Refine.ink: AI-Powered Referee Reports for Academic Papers
- Author/Source: Benjamin Golub (Northwestern University, co-founder of Refine.ink) and Markus Brunnermeier (Princeton University), Markus' Academy, Episode 154, December 23, 2025
- Original: https://www.youtube.com/watch?v=SAXElKwksM8
Key Ideas¶
- Refine.ink automates deep technical referee reports for academic papers, going far beyond what generalist LLMs like ChatGPT Pro can do in a single session.
- The tool excels at detecting cross-paper inconsistencies (e.g., a definition on page 3 used incompatibly in an appendix on page 42) and subtle mathematical errors (sign errors, non-sequiturs in proofs).
- Accelerated research with AI makes quality control more important, not less -- researchers spend less time with pencil-and-paper deep thinking, so automated verification fills a critical gap.
- Theory papers get the strongest results; empirical papers also benefit (checking standard errors, IV explanations) but performance is limited by imperfect parsing of tables and charts.
- For empirical papers, uploading the TeX source with tables in text-readable form works better than PDF.
- Privacy guarantee: Refine.ink contractually ensures that uploaded papers are never shared, used for training, or accessed by third parties -- addressing concerns raised by journal editors about AI tool usage.
- Several journals are piloting Refine.ink as a complement to the review process. Editors are generally open to its use.
- Testimonials from economists (Omar, Drew Fudenberg) highlight that Refine catches subtle issues that would take a human expert many hours to find, even with ChatGPT Pro.
Summary¶
In this segment of his Markus' Academy presentation, Benjamin Golub introduces Refine.ink, a specialized AI tool he co-founded that generates deep technical referee reports for academic papers. The core motivation is that AI-accelerated research increases the need for quality control: when researchers work faster with AI assistance, they may lack the deep contextual understanding that comes from slow, careful manual work, making automated verification more valuable. Refine.ink addresses this by taking a paper and producing a thorough technical review that checks logical consistency, mathematical correctness, and cross-references across the entire document.
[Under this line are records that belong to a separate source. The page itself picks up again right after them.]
(* Let $(X,d)$, $\mu$, $Y$ (countable), $f:X\to Y$ be as in the standing setting, fix an integer $K\ge2$, and let $\kappa:\mathbb{Z}^+\to\mathbb{Z}^+$ satisfy $\sum_{n=1}^\infty\rho^{\kappa(n)}=\infty$ for every $0<\rho\le1$. Let $\{z_n\}$ be generated by $\mathcal{S}(\kappa,\Phi)$ where $\Phi(x,S)=|V_S(x)|-\operatorname{modefreq}_f(V_S(x))$ with $V_S(x)$ the $K$-nearest neighbors of $x$ with respect to $S$. If $x\in X$ is contained in an $f$-contiguous component of positive $\mu$-measure, then $\zeta_n(x)\to f(x)$ with probability one.
   Context: Standing setting: $(X,d)$ metric space with probability measure $\mu$; $Y$ countable; $f:X\to Y$; $X_y=f^{-1}(y)$; $B_\epsilon(x)$ open ball; $\operatorname{supp}(\mu)=\{x:\mu(B_\epsilon(x))>0\ \forall\epsilon>0\}$. $b$ is an $f$-boundary point iff $\mu(B_\epsilon(b)\setminus X_{f(b)})>0$ for all $\epsilon>0$. $R\subseteq X$ is $f$-connected iff connected and $R\subseteq X_y$ for some $y$; $f$-contiguous iff $f$-connected, $R\subseteq\operatorname{supp}(\mu)$, and $R$ has no $f$-boundary points; an $f$-contiguous component is a maximal $f$-contiguous set. For finite $A$, $\operatorname{modefreq}_f(A)=\max_y|A\cap X_y|$ ($0$ if $A=\emptyset$). $K$-nearest neighbors: for finite $S\subseteq X$, let $\mathcal{V}_x$ be the family of $K$-element subsets $V\subseteq S$ minimizing distance to $x$ (i.e. no element outside $V$ is strictly closer to $x$ than some element of $V$); set $V_S(x)=\emptyset$ if $x\in S$, and otherwise $V_S(x)=\arg\min_{V\in\mathcal{V}_x}\operatorname{modefreq}_f(V)$ (a minimizing set). Process $\mathcal{S}(\kappa,\Phi)$: $Z_0=\emptyset$; at step $n$ draw $\kappa(n)$ candidates i.i.d. from $\mu$, independent of the past; $z_n$ is a candidate maximizing $\Phi(\cdot,Z_{n-1})$ (ties uniformly at random); $Z_n=\{z_1,\dots,z_n\}$. Nearest neighbor prediction: $\zeta_n(x)=f(z_\iota)$, $\iota=\arg\min_{i\le n}d(x,z_i)$, ties uniformly at random. *)

theory Defs
  imports "HOL-Probability.Probability"
begin

definition in_supp :: "'a::metric_space measure \<Rightarrow> 'a \<Rightarrow> bool" where
  "in_supp M x \<longleftrightarrow> (\<forall>e>0. emeasure M (ball x e) > 0)"

definition f_boundary :: "'a::metric_space measure \<Rightarrow> ('a \<Rightarrow> 'b) \<Rightarrow> 'a \<Rightarrow> bool" where
  "f_boundary M f b \<longleftrightarrow> (\<forall>e>0. emeasure M (ball b e - f -` {f b}) > 0)"

definition f_connected :: "('a::metric_space \<Rightarrow> 'b) \<Rightarrow> 'a set \<Rightarrow> bool" where
  "f_connected f R \<longleftrightarrow> connected R \<and> (\<exists>y. R \<subseteq> f -` {y})"

definition f_contiguous :: "'a::metric_space measure \<Rightarrow> ('a \<Rightarrow> 'b) \<Rightarrow> 'a set \<Rightarrow> bool" where
  "f_contiguous M f R \<longleftrightarrow>
     f_connected f R \<and> R \<subseteq> {x. in_supp M x} \<and> (\<forall>b\<in>R. \<not> f_boundary M f b)"

definition f_contiguous_component :: "'a::metric_space measure \<Rightarrow> ('a \<Rightarrow> 'b) \<Rightarrow> 'a set \<Rightarrow> bool" where
  "f_contiguous_component M f R \<longleftrightarrow>
     f_contiguous M f R \<and> (\<forall>R'. f_contiguous M f R' \<and> R \<subseteq> R' \<longrightarrow> R' = R)"

definition modefreq :: "('a \<Rightarrow> 'b) \<Rightarrow> 'a set \<Rightarrow> nat" where
  "modefreq f A = (if A = {} then 0 else Max ((\<lambda>y. card (A \<inter> f -` {y})) ` f ` A))"

definition knn_family :: "nat \<Rightarrow> 'a::metric_space set \<Rightarrow> 'a \<Rightarrow> 'a set set" where
  "knn_family K S x = {V. V \<subseteq> S \<and> card V = min K (card S) \<and>
      (\<forall>v\<in>V. \<forall>s\<in>S - V. \<not> dist s x < dist v x)}"

definition knn :: "('a::metric_space \<Rightarrow> 'b) \<Rightarrow> nat \<Rightarrow> 'a set \<Rightarrow> 'a \<Rightarrow> 'a set" where
  "knn f K S x = (if x \<in> S then {} else arg_min (modefreq f) (\<lambda>V. V \<in> knn_family K S x))"

definition Phi :: "('a::metric_space \<Rightarrow> 'b) \<Rightarrow> nat \<Rightarrow> 'a \<Rightarrow> 'a set \<Rightarrow> nat" where
  "Phi f K x S = card (knn f K S x) - modefreq f (knn f K S x)"

text \<open>Uniform choice of an element of a finite nonempty index set using u uniform on [0,1].\<close>
definition pick :: "real \<Rightarrow> nat set \<Rightarrow> nat" where
  "pick u I = sorted_list_of_set I ! min (nat \<lfloor>u * real (card I)\<rfloor>) (card I - 1)"

text \<open>Randomness of step n: candidate stream c (only c 0, ..., c (kappa n - 1) are used),
  a uniform tie-breaker u for the selection, and a uniform tie-breaker w for the prediction.\<close>
type_synonym 'a step = "(nat \<Rightarrow> 'a) \<times> real \<times> real"

definition select :: "('a::metric_space \<Rightarrow> 'b) \<Rightarrow> nat \<Rightarrow> (nat \<Rightarrow> nat) \<Rightarrow> nat \<Rightarrow> 'a set \<Rightarrow> 'a step \<Rightarrow> 'a" where
  "select f K \<kappa> n S s =
     (let c = fst s; u = fst (snd s);
          m = Max ((\<lambda>i. Phi f K (c i) S) ` {..<\<kappa> n});
          I = {i. i < \<kappa> n \<and> Phi f K (c i) S = m}
      in c (pick u I))"

text \<open>pts n \<omega> = [z_1, ..., z_n].\<close>
primrec pts :: "('a::metric_space \<Rightarrow> 'b) \<Rightarrow> nat \<Rightarrow> (nat \<Rightarrow> nat) \<Rightarrow> nat \<Rightarrow> (nat \<Rightarrow> 'a step) \<Rightarrow> 'a list" where
  "pts f K \<kappa> 0 \<omega> = []"
| "pts f K \<kappa> (Suc n) \<omega> = pts f K \<kappa> n \<omega> @ [select f K \<kappa> (Suc n) (set (pts f K \<kappa> n \<omega>)) (\<omega> (Suc n))]"

definition zeta :: "('a::metric_space \<Rightarrow> 'b) \<Rightarrow> nat \<Rightarrow> (nat \<Rightarrow> nat) \<Rightarrow> nat \<Rightarrow> 'a \<Rightarrow> (nat \<Rightarrow> 'a step) \<Rightarrow> 'b" where
  "zeta f K \<kappa> n x \<omega> =
     (let ps = pts f K \<kappa> n \<omega>;
          dm = Min ((\<lambda>i. dist x (ps ! i)) ` {..<n});
          I = {i. i < n \<and> dist x (ps ! i) = dm}
      in f (ps ! pick (snd (snd (\<omega> n))) I))"

definition step_measure :: "'a measure \<Rightarrow> 'a step measure" where
  "step_measure M = PiM UNIV (\<lambda>_::nat. M) \<Otimes>\<^sub>M
     (uniform_measure lborel {0..1::real} \<Otimes>\<^sub>M uniform_measure lborel {0..1::real})"

definition process_space :: "'a measure \<Rightarrow> (nat \<Rightarrow> 'a step) measure" where
  "process_space M = PiM UNIV (\<lambda>_::nat. step_measure M)"

end

theory Submission
  imports Defs
begin

text \<open>As \<open>x\<close> lies in an \<open>f\<close>-contiguous set, it is in the support of
  \<open>\<mu>\<close> and not an \<open>f\<close>-boundary point, so some ball \<open>B\<close> around \<open>x\<close> has measure \<open>\<rho> > 0\<close> and,
  up to a null set, contains only points labelled \<open>f x\<close>. Almost surely no candidate ever falls
  into that null set, and since \<open>\<Sum> \<rho>\<^bsup>\<kappa>(n)\<^esup> = \<infinity>\<close>, almost surely at some step \<open>n\<^sub>0\<close> all candidates
  fall into \<open>B\<close>: the probability of failing during the first \<open>N\<close> steps is
  \<open>\<Prod>(1 - \<rho>\<^bsup>\<kappa>(n)\<^esup>) \<le> exp (- \<Sum> \<rho>\<^bsup>\<kappa>(n)\<^esup>) \<rightarrow> 0\<close>. From then on \<open>z\<^sub>n\<^sub>0 \<in> B\<close>, so the nearest
  neighbour of \<open>x\<close> among the sampled points is a drawn point of \<open>B\<close>, labelled \<open>f x\<close>.\<close>

lemma pick_in:
  assumes "finite I" "I \<noteq> {}"
  shows "pick u I \<in> I"
proof -
  have "0 < card I"
    using assms by (simp add: card_gt_0_iff)
  then have "min (nat \<lfloor>u * real (card I)\<rfloor>) (card I - 1) < length (sorted_list_of_set I)"
    by simp
  then show ?thesis
    unfolding pick_def using assms by (metis nth_mem set_sorted_list_of_set)
qed

lemma select_in_candidates:
  assumes "\<kappa> n \<ge> 1"
  shows "select f K \<kappa> n S s \<in> fst s ` {..<\<kappa> n}"
proof -
  define m where "m = Max ((\<lambda>i. Phi f K (fst s i) S) ` {..<\<kappa> n})"
  define I where "I = {i. i < \<kappa> n \<and> Phi f K (fst s i) S = m}"
  have "m \<in> (\<lambda>i. Phi f K (fst s i) S) ` {..<\<kappa> n}"
    unfolding m_def using assms by (intro Max_in) (auto simp: lessThan_empty_iff)
  then have "I \<noteq> {}" unfolding I_def by auto
  then have "pick (fst (snd s)) I \<in> I"
    by (intro pick_in) (auto simp: I_def)
  moreover have "select f K \<kappa> n S s = fst s (pick (fst (snd s)) I)"
    unfolding select_def m_def I_def Let_def by simp
  ultimately show ?thesis unfolding I_def by auto
qed

lemma length_pts [simp]: "length (pts f K \<kappa> n \<omega>) = n"
  by (induction n) auto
Golub demonstrates the tool on one of his own theory papers, showing how it catches both obvious errors (sign mistakes) and substantive logical gaps (assertions that do not follow from stated conditions). He emphasizes that Refine.ink consistently outperforms frontier generalist models like ChatGPT Pro because it employs specialized scaffolding -- multi-step pipelines that invest far more "attention" on each paper than a single chatbot session could. The tool works best on reasoning-heavy papers (theory, applied math, physics) but also provides value for empirical work by checking standard error clustering, instrumental variable explanations, and internal consistency. The main limitation for empirical papers is imperfect parsing of tables and figures from PDFs.
On ethics and practical usage, Golub notes that Refine.ink's ironclad privacy guarantees address concerns about uploading unpublished research to AI tools. He recommends using Refine.ink before submission, when correctness matters most, and reports that multiple journals are piloting it as a complement to human peer review. The free preview offers 10 comments per paper to let researchers evaluate the tool on their own work.
Relevance to Economics Research¶
Refine.ink directly addresses a pain point in the economics publication process: ensuring that papers are logically consistent and technically correct before submission and during review. For theory-oriented researchers, it serves as an automated proof-checker that catches subtle errors across long appendices. For empirical researchers, it offers a consistency check on methodology descriptions and statistical specifications. As AI accelerates the pace of research production, tools like Refine.ink may become essential infrastructure for maintaining quality standards in the profession.